* _ABOUT THIS TASK_:
Only lines with the word "intro" belong in the answer; copy them from the records below.

---------------

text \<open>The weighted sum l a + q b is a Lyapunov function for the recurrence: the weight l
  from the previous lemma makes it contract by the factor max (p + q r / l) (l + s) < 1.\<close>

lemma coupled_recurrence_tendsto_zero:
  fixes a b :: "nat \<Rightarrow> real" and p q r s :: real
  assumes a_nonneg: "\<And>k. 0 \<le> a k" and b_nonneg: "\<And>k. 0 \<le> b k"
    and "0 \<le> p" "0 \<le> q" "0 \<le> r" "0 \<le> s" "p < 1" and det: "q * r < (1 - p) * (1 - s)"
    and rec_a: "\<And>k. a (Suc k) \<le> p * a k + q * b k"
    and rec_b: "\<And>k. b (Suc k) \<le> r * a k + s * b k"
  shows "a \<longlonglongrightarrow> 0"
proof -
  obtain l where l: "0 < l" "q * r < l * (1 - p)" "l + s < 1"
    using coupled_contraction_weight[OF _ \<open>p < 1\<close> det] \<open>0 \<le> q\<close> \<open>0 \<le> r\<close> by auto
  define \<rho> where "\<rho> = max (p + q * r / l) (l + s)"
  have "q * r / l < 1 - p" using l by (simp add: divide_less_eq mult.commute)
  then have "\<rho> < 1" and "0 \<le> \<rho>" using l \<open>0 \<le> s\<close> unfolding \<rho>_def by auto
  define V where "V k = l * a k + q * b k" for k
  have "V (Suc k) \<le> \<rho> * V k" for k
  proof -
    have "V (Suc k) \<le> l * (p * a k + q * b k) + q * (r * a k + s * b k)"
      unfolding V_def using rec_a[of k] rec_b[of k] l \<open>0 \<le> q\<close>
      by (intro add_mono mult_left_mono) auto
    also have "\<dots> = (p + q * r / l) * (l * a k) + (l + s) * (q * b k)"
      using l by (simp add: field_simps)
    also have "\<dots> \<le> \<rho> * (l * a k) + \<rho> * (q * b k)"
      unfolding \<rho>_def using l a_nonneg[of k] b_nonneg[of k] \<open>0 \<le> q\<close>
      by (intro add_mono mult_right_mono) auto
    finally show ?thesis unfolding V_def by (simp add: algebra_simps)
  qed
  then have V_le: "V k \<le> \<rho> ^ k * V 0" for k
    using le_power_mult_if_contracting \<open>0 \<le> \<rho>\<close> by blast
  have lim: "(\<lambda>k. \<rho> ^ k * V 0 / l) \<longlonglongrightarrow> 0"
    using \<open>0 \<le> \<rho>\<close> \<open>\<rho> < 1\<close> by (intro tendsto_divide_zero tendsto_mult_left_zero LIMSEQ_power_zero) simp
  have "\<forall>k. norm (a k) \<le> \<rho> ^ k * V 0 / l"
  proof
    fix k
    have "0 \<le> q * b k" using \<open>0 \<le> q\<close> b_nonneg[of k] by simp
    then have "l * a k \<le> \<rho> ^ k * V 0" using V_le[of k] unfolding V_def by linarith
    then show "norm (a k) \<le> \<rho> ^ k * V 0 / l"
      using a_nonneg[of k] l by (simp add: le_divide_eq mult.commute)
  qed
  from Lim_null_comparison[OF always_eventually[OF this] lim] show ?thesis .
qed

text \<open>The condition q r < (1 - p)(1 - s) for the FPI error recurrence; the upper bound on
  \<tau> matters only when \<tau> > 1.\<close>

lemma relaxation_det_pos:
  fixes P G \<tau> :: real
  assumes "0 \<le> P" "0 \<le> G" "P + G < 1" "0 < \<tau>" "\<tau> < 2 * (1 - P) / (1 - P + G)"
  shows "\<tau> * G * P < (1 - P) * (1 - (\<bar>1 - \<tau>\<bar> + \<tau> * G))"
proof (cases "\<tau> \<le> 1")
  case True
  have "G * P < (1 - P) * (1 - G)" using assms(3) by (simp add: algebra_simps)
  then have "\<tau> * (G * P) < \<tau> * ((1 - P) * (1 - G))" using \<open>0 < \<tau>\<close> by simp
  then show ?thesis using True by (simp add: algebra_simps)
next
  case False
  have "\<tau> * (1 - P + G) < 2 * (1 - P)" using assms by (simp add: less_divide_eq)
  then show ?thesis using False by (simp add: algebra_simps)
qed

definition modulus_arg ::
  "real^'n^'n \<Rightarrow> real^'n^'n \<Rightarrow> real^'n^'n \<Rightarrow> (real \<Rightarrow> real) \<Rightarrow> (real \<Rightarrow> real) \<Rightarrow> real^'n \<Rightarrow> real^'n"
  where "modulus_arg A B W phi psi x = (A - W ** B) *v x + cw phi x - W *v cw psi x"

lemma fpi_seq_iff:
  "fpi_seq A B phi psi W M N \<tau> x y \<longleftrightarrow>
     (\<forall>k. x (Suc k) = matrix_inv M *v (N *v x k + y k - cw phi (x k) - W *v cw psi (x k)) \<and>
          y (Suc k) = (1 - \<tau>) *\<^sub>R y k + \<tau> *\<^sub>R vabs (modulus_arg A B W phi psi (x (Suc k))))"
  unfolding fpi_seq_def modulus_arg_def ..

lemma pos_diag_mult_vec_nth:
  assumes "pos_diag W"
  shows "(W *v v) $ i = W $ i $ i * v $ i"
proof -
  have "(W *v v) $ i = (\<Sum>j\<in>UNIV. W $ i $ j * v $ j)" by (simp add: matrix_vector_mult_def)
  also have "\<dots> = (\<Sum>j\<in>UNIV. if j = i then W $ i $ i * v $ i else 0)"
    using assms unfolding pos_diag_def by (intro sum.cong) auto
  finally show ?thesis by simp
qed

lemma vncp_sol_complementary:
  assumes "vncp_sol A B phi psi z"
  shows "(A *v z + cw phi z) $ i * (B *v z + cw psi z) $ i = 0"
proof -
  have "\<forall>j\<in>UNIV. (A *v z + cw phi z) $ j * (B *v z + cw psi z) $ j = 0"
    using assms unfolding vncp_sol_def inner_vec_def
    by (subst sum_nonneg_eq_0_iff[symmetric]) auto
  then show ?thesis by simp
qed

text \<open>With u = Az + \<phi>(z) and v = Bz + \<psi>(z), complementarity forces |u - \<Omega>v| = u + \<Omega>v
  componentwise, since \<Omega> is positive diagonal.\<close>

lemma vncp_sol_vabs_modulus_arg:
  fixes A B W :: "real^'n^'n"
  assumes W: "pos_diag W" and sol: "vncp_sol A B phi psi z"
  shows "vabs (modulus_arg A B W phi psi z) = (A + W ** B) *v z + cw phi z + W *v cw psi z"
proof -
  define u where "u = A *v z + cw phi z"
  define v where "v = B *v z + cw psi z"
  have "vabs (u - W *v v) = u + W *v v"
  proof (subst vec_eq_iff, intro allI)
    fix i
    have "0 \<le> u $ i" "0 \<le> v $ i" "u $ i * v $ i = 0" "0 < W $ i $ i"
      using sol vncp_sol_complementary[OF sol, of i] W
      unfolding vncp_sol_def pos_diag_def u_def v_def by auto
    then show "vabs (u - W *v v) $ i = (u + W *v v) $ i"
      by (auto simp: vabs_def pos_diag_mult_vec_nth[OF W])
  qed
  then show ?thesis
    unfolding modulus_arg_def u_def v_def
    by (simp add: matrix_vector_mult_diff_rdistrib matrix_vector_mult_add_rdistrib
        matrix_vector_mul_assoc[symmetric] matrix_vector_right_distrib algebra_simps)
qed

---------------

* _RESULT OF THE TASK_:
      by (intro add_mono mult_left_mono) auto
      by (intro add_mono mult_right_mono) auto
    using \<open>0 \<le> \<rho>\<close> \<open>\<rho> < 1\<close> by (intro tendsto_divide_zero tendsto_mult_left_zero LIMSEQ_power_zero) simp
    using assms unfolding pos_diag_def by (intro sum.cong) auto
  proof (subst vec_eq_iff, intro allI)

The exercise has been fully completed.